As a beginner to Assembly, I've been practicing disassembling and reverse engineering on Intel x86 assembly in IDA.
The current program I'm trying to figure out validates the user given password by forming it's own "validation password" and comparing the two. If they match, the user given password is accepted.
The validation password is formed by a loop that runs 16 times and the characters for the password come from a label named CHARACTERS
which stores the address of the string aAbcdefghijklmn
.
aAbcdefghijklmn
is defined as 'ABCDEFGHIJKLMNOPQRSTUVWXYZabcdefghijklmnopqrstuvwxyz1234567890'
var_40
is defined as -40
hexadecimal.
mov [ebp+loop_counter], 0
loc_8049201:
cmp [ebp+loop_counter], 0Fh ; Compare Two Operands
jge loc_804922F ; Jump if Greater or Equal (SF=OF)
mov eax, CHARACTERS
mov ecx, [ebp+loop_counter]
mov ecx, [ebp+ecx*4+var_40]
mov dl, [eax+ecx]
mov eax, [ebp+loop_counter]
mov [ebp+eax+validation_password], dl
mov eax, [ebp+loop_counter]
add eax, 1 ; Add
mov [ebp+loop_counter], eax
jmp loc_8049201 ; Jump
loc_804922F:
lea eax, [ebp+validation_password] ; Load Effective Address
mov ecx, [ebp+user_password]
mov edx, esp
mov [edx+4], ecx
mov [edx], eax
call _strcmp ; Call Procedure
cmp eax, 0 ; Compare Two Operands
jnz loc_804925D ; Jump if Not Zero (ZF=0)

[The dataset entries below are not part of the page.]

(* If $G$ is a connected locally Dirac graph of order $n \ge 8$, then the minimum degree satisfies $\delta(G) \ge 5$.
   Context: A graph $G$ is locally Dirac if for every vertex $v \in V(G)$ and every $u \in N(v)$, $\deg_{\langle N(v)\rangle}(u) \ge \deg_G(v)/2$, where $N(v)$ is the open neighbourhood of $v$ and $\langle N(v)\rangle$ the subgraph induced by it. *)

theory Defs
  imports Main
begin

definition simple_graph :: "'a set \<Rightarrow> ('a \<Rightarrow> 'a \<Rightarrow> bool) \<Rightarrow> bool" where
  "simple_graph V E \<longleftrightarrow> finite V \<and> (\<forall>u v. E u v \<longrightarrow> u \<in> V \<and> v \<in> V)
     \<and> (\<forall>u v. E u v \<longrightarrow> E v u) \<and> (\<forall>v. \<not> E v v)"

definition nbhd :: "'a set \<Rightarrow> ('a \<Rightarrow> 'a \<Rightarrow> bool) \<Rightarrow> 'a \<Rightarrow> 'a set" where
  "nbhd V E v = {u \<in> V. E v u}"

definition degree :: "'a set \<Rightarrow> ('a \<Rightarrow> 'a \<Rightarrow> bool) \<Rightarrow> 'a \<Rightarrow> nat" where
  "degree V E v = card (nbhd V E v)"

definition induced_degree :: "'a set \<Rightarrow> ('a \<Rightarrow> 'a \<Rightarrow> bool) \<Rightarrow> 'a \<Rightarrow> nat" where
  "induced_degree S E u = card {w \<in> S. E u w}"

definition connected_graph :: "'a set \<Rightarrow> ('a \<Rightarrow> 'a \<Rightarrow> bool) \<Rightarrow> bool" where
  "connected_graph V E \<longleftrightarrow> (\<forall>u\<in>V. \<forall>v\<in>V. (\<lambda>x y. E x y)\<^sup>*\<^sup>* u v)"

definition locally_dirac :: "'a set \<Rightarrow> ('a \<Rightarrow> 'a \<Rightarrow> bool) \<Rightarrow> bool" where
  "locally_dirac V E \<longleftrightarrow> (\<forall>v\<in>V. \<forall>u\<in>nbhd V E v.
      2 * induced_degree (nbhd V E v) E u \<ge> degree V E v)"

definition min_degree :: "'a set \<Rightarrow> ('a \<Rightarrow> 'a \<Rightarrow> bool) \<Rightarrow> nat" where
  "min_degree V E = Min (degree V E ` V)"

end

theory Submission
  imports Defs
begin

text \<open>Applied at a vertex a to a neighbour p, the locally Dirac condition says that p is
  adjacent to more than half of the other neighbours of a. If a vertex v has degree at most 4,
  this leaves every neighbour of v at most two neighbours outside the closed neighbourhood
  of v, and it forces every vertex at distance two from v to have at least three neighbours
  in N(v); double counting then gives at most two vertices at distance two. A further
  application of the same condition shows that no vertex is at distance three, so by
  connectedness G has at most 1 + 4 + 2 = 7 vertices.\<close>

lemma min_degree_attained:
  assumes "simple_graph V E" and "V \<noteq> {}"
  obtains v where "v \<in> V" and "degree V E v = min_degree V E"
proof -
  have "min_degree V E \<in> degree V E ` V"
    unfolding min_degree_def using assms by (intro Min_in) (auto simp: simple_graph_def)
  then show thesis using that by auto
qed

lemma connected_graph_subset_if_closed:
  assumes "connected_graph V E" and "v \<in> V" and "v \<in> S"
    and closed: "\<And>s t. s \<in> S \<Longrightarrow> E s t \<Longrightarrow> t \<in> S"
  shows "V \<subseteq> S"
proof
  fix u assume "u \<in> V"
  with assms(1,2) have "E\<^sup>*\<^sup>* v u" unfolding connected_graph_def by blast
  then show "u \<in> S"
    by (induction rule: rtranclp_induct) (use \<open>v \<in> S\<close> closed in auto)
qed

locale locally_dirac_graph =
  fixes V :: "'a set" and E :: "'a \<Rightarrow> 'a \<Rightarrow> bool"
  assumes simple: "simple_graph V E"
    and dirac: "locally_dirac V E"
begin

abbreviation N :: "'a \<Rightarrow> 'a set" where
  "N \<equiv> nbhd V E"

lemma finite_nbhd: "finite (N v)"
  using simple by (auto simp: simple_graph_def nbhd_def)

lemma in_nbhd_iff_edge: "u \<in> N v \<longleftrightarrow> E v u"
  using simple by (auto simp: simple_graph_def nbhd_def)

lemma nbhd_sym: "u \<in> N v \<longleftrightarrow> v \<in> N u"
  using simple by (auto simp: simple_graph_def nbhd_def)

lemma not_in_own_nbhd: "v \<notin> N v"
  using simple by (auto simp: simple_graph_def nbhd_def)

lemma card_nbhd_le_common:
  assumes "p \<in> N a"
  shows "card (N a) \<le> 2 * card (N a \<inter> N p)"
proof -
  have "a \<in> V" using assms nbhd_sym by (auto simp: nbhd_def)
  moreover have "{w \<in> N a. E p w} = N a \<inter> N p" by (auto simp: nbhd_def)
  ultimately show ?thesis
    using dirac assms unfolding locally_dirac_def induced_degree_def degree_def by force
qed

lemma card_nbhd_split:
  assumes "p \<in> N a"
  shows "card (N a) = Suc (card (N a \<inter> N p) + card (N a - N p - {p}))"
proof -
  have "N a = insert p ((N a \<inter> N p) \<union> (N a - N p - {p}))" using assms by auto
  moreover have "p \<notin> (N a \<inter> N p) \<union> (N a - N p - {p})" using not_in_own_nbhd by auto
  ultimately have "card (N a) = Suc (card ((N a \<inter> N p) \<union> (N a - N p - {p})))"
    using finite_nbhd by (metis card_insert_disjoint finite_Diff finite_Int finite_Un)
  also have "card ((N a \<inter> N p) \<union> (N a - N p - {p})) = card (N a \<inter> N p) + card (N a - N p - {p})"
    using finite_nbhd by (intro card_Un_disjoint) auto
  finally show ?thesis .
qed

lemma card_non_common_less_common:
  assumes "p \<in> N a"
  shows "card (N a - N p - {p}) < card (N a \<inter> N p)"
  using card_nbhd_le_common[OF assms] card_nbhd_split[OF assms] by linarith

text \<open>The Dirac condition at a is used twice, once for p and once for q; q can only
  see p's common neighbours with a and the non-neighbours of p other than itself.\<close>

lemma two_le_card_common_nbhd:
  assumes p: "p \<in> N a" and q: "q \<in> N a" and "q \<noteq> p" and "q \<notin> N p"
  shows "2 \<le> card (N a \<inter> N p \<inter> N q)"
proof -
  let ?R = "N a - N p - {p}"
  have "q \<in> ?R" using assms by auto
  have "N a \<inter> N q \<subseteq> (N a \<inter> N p \<inter> N q) \<union> (?R - {q})"
    using assms not_in_own_nbhd nbhd_sym by auto
  then have "card (N a \<inter> N q) \<le> card ((N a \<inter> N p \<inter> N q) \<union> (?R - {q}))"
    using finite_nbhd by (intro card_mono) auto
  also have "\<dots> \<le> card (N a \<inter> N p \<inter> N q) + card (?R - {q})"
    by (rule card_Un_le)
  also have "card (?R - {q}) = card ?R - 1"
    using \<open>q \<in> ?R\<close> by simp
  finally have "card (N a \<inter> N q) \<le> card (N a \<inter> N p \<inter> N q) + (card ?R - 1)" .
  moreover have "card ?R \<ge> 1"
    using \<open>q \<in> ?R\<close> finite_nbhd by (auto simp: Suc_le_eq card_gt_0_iff)
  ultimately show ?thesis
    using card_nbhd_le_common[OF q] card_nbhd_split[OF p] card_non_common_less_common[OF p]
    by linarith
qed

definition sphere2 :: "'a \<Rightarrow> 'a set" where
  "sphere2 v = (\<Union>a\<in>N v. N a) - N v - {v}"

definition ball2 :: "'a \<Rightarrow> 'a set" where
  "ball2 v = insert v (N v \<union> sphere2 v)"

lemma finite_sphere2: "finite (sphere2 v)"
  unfolding sphere2_def using finite_nbhd by auto

lemma nbhd_inter_sphere2:
  assumes "a \<in> N v"
  shows "N a \<inter> sphere2 v = N a - N v - {v}"
  using assms by (auto simp: sphere2_def)

lemma card_nbhd_inter_sphere2_le:
  assumes "a \<in> N v"
  shows "card (N a \<inter> sphere2 v) + 2 \<le> card (N v)"
proof -
  have "v \<in> N a" using assms nbhd_sym by blast
  have "card (N v) > 0" using assms finite_nbhd card_gt_0_iff by blast
  have "N a \<inter> N v \<subseteq> N v - {a}" using not_in_own_nbhd by auto
  then have "card (N a \<inter> N v) \<le> card (N v) - 1"
    using assms finite_nbhd by (metis card_Diff_singleton card_mono finite_Diff)
  then show ?thesis
    unfolding nbhd_inter_sphere2[OF assms]
    using card_non_common_less_common[OF \<open>v \<in> N a\<close>] \<open>card (N v) > 0\<close> by linarith
qed

lemma three_le_card_nbhd_inter_nbhd:
  assumes "x \<in> sphere2 v"
  shows "3 \<le> card (N x \<inter> N v)"
proof -
  obtain a where a: "a \<in> N v" and "x \<in> N a" and "x \<notin> N v" and "x \<noteq> v"
    using assms by (auto simp: sphere2_def)
  have "v \<in> N a" using a nbhd_sym by blast
  have common: "2 \<le> card (N a \<inter> N v \<inter> N x)"
    using two_le_card_common_nbhd[OF \<open>v \<in> N a\<close> \<open>x \<in> N a\<close> \<open>x \<noteq> v\<close> \<open>x \<notin> N v\<close>] .
  have "insert a (N a \<inter> N v \<inter> N x) \<subseteq> N x \<inter> N v"
    using a \<open>x \<in> N a\<close> nbhd_sym by auto
  moreover have "a \<notin> N a \<inter> N v \<inter> N x" using not_in_own_nbhd by auto
  moreover have "card (insert a (N a \<inter> N v \<inter> N x)) \<le> card (N x \<inter> N v)"
    using calculation(1) finite_nbhd by (intro card_mono) auto
  ultimately show ?thesis
    using common finite_nbhd by simp
qed

lemma three_card_sphere2_le:
  "3 * card (sphere2 v) \<le> (\<Sum>a\<in>N v. card (N a \<inter> sphere2 v))"
proof -
  have "3 * card (sphere2 v) = (\<Sum>x\<in>sphere2 v. 3)" by simp
  also have "\<dots> \<le> (\<Sum>x\<in>sphere2 v. card {a \<in> N v. x \<in> N a})"
  proof (rule sum_mono)
    fix x assume "x \<in> sphere2 v"
    moreover have "{a \<in> N v. x \<in> N a} = N x \<inter> N v" using nbhd_sym by blast
    ultimately show "3 \<le> card {a \<in> N v. x \<in> N a}"
      using three_le_card_nbhd_inter_nbhd by simp
  qed
  also have "\<dots> = (\<Sum>a\<in>N v. card {x \<in> sphere2 v. x \<in> N a})"
    by (rule sum_multicount_gen[symmetric]) (auto simp: finite_nbhd finite_sphere2)
  finally show ?thesis by (simp add: Int_def conj_commute)
qed

text \<open>A vertex t at distance three, adjacent to s at distance two, would have two common
  neighbours with s in N(a) for a neighbour a of both s and v; together with s these give
  three vertices in N(a) at distance two.\<close>

lemma ball2_closed:
  assumes small: "\<And>a. a \<in> N v \<Longrightarrow> card (N a \<inter> sphere2 v) \<le> 2"
    and "s \<in> ball2 v" and "t \<in> N s"
  shows "t \<in> ball2 v"
proof (rule ccontr)
  assume t: "t \<notin> ball2 v"
  then have "s \<in> sphere2 v" using assms(2,3) nbhd_sym by (auto simp: ball2_def sphere2_def)
  then obtain a where a: "a \<in> N v" and "s \<in> N a" by (auto simp: sphere2_def)
  have "t \<notin> N a" using t a by (auto simp: ball2_def sphere2_def)
  have "t \<noteq> a" using a t by (auto simp: ball2_def)
  have "a \<in> N s" using \<open>s \<in> N a\<close> nbhd_sym by blast
  have common: "2 \<le> card (N s \<inter> N a \<inter> N t)"
    using two_le_card_common_nbhd[OF \<open>a \<in> N s\<close> \<open>t \<in> N s\<close> \<open>t \<noteq> a\<close> \<open>t \<notin> N a\<close>] .
  have "N s \<inter> N a \<inter> N t \<subseteq> N a \<inter> sphere2 v - {s}"
  proof
    fix w assume w: "w \<in> N s \<inter> N a \<inter> N t"
    have "w \<notin> N v" using w t nbhd_sym by (auto simp: ball2_def sphere2_def)
    moreover have "w \<noteq> v" using w t nbhd_sym by (auto simp: ball2_def)
    ultimately show "w \<in> N a \<inter> sphere2 v - {s}"
      using w a not_in_own_nbhd by (auto simp: sphere2_def)
  qed
  then have "2 \<le> card (N a \<inter> sphere2 v - {s})"
    using common finite_sphere2 by (meson card_mono finite_Diff finite_Int le_trans)
  moreover have "s \<in> N a \<inter> sphere2 v" using \<open>s \<in> N a\<close> \<open>s \<in> sphere2 v\<close> by blast
  ultimately show False
    using small[OF a] finite_sphere2 by (simp add: card_Diff_singleton)
qed

lemma card_ball2_le: "card (ball2 v) \<le> Suc (card (N v) + card (sphere2 v))"
proof -
  have "card (ball2 v) \<le> Suc (card (N v \<union> sphere2 v))"
    unfolding ball2_def using finite_nbhd finite_sphere2 by (simp add: card_insert_if)
  then show ?thesis using card_Un_le[of "N v" "sphere2 v"] by linarith
qed

end

theorem mainTheorem6:
  fixes V :: "'a set" and E :: "'a \<Rightarrow> 'a \<Rightarrow> bool"
  assumes "simple_graph V E"
    and "connected_graph V E"
    and "locally_dirac V E"
    and "card V \<ge> 8"
  shows "min_degree V E \<ge> 5"
proof (rule ccontr)
  interpret locally_dirac_graph V E using assms(1,3) by unfold_locales
  assume "\<not> 5 \<le> min_degree V E"
  have "V \<noteq> {}" using assms(4) by auto
  then obtain v where v: "v \<in> V" and "degree V E v = min_degree V E"
    using min_degree_attained[OF assms(1)] by blast
  with \<open>\<not> 5 \<le> min_degree V E\<close> have "card (N v) \<le> 4" by (simp add: degree_def)
  then have small: "card (N a \<inter> sphere2 v) \<le> 2" if "a \<in> N v" for a
    using card_nbhd_inter_sphere2_le[OF that] by linarith
  have "(\<Sum>a\<in>N v. card (N a \<inter> sphere2 v)) \<le> (\<Sum>a\<in>N v. 2)"
    by (rule sum_mono) (rule small)
  then have "3 * card (sphere2 v) \<le> 2 * card (N v)"
    using three_card_sphere2_le[of v] by simp
  then have "card (sphere2 v) \<le> 2" using \<open>card (N v) \<le> 4\<close> by linarith
  have "V \<subseteq> ball2 v"
  proof (rule connected_graph_subset_if_closed[OF assms(2) v])
    show "t \<in> ball2 v" if "s \<in> ball2 v" and "E s t" for s t
      using ball2_closed[OF small that(1)] that(2) by (simp add: in_nbhd_iff_edge)
  qed (simp add: ball2_def)
  then have "card V \<le> card (ball2 v)"
    using finite_nbhd finite_sphere2 by (intro card_mono) (simp_all add: ball2_def)
  then show False
    using card_ball2_le[of v] \<open>card (N v) \<le> 4\<close> \<open>card (sphere2 v) \<le> 2\<close> assms(4) by linarith
qed

end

This portion creates the validation password.
mov eax, CHARACTERS
mov ecx, [ebp+loop_counter]
mov ecx, [ebp+ecx*4+var_40]
mov dl, [eax+ecx]
mov eax, [ebp+loop_counter]
mov [ebp+eax+validation_password], dl
mov eax, [ebp+loop_counter]
add eax, 1 ; Add
mov [ebp+loop_counter], eax
jmp loc_8049201 ; Jump
What I cannot for the life of me figure out is how the index for the 'ABCDEFGHIJKLMNOPQRSTUVWXYZabcdefghijklmnopqrstuvwxyz1234567890'
string for each loop is calculated.
What I understand is that the character chosen is the address of CHARACTERS
stored in eax
and the value of [ebp+ecx*4+var_40]
as the offset, creating the specific index. This is then stored into dl
.
I do not know how to determine the index number using the memory address calculation [ebp+ecx*4+var_40]
in each loop.
EDIT:
Initialization of the array at ebp+var_40
is done with _memcpy earlier in the same function.
push ebp
mov ebp, esp
push esi
sub esp, 64h
mov eax, [ebp+user_password]
xor ecx, ecx
lea edx, unk_804A064 ; db 3
lea esi, [ebp+var_40]
mov [esp], esi
mov [esp+4], edx
mov dword ptr [esp+8], 3Ch
mov [ebp+var_58], eax
mov [ebp+var_5C], ecx
call _memcpy
unk_804A064
is defined as db 3
. Starting from unk_804A064
the 60 following bytes are:
3, 0, 0, 0, 34h, 0, 0, 0, 38h, 0, 0, 0, 1Ah, 0, 0, 0, 2Ch, 0, 0, 0, 2Ch, 0, 0, 0, 1Eh, 0, 0, 0, 26h, 0, 0, 0, 1Bh, 0, 0, 0, 25h, 0, 0, 0, 32h, 0, 0, 0, 13h, 0, 0, 0, 37h, 0, 0, 0, 2Ch, 0, 0, 0, 0Ah, 0, 0, 0
It's a byte gather operation, using int
indices from another array on the stack at ebp+var_40
. You haven't shown how that array is initialized.
mov ecx, [ebp+loop_counter]
loads ECX with the loop counter. (An optimized build would just keep that in a register the whole time; this debug build produces a lot of extra instructions to wade through, making it harder to reverse-engineer, but also simpler because you know each block of asm corresponds to a C statement, and there are named local variables on the stack).
mov ecx, [ebp+ecx*4+var_40]
loads ECX with an int
from a stack array, replacing the previous use of ECX. Like int tmp = indices[i];
where int indices[n];
is in automatic storage (on the stack).
mov dl, [eax+ecx]
uses that as an index into your alphabet string (EAX was earlier loaded from CHARACTERS
.) So this is char c = (*CHARACTERS)[tmp];
The next two instructions, mov eax, [ebp+loop_counter]
/
mov [ebp+eax+validation_password], dl
are validation_password[i] = c;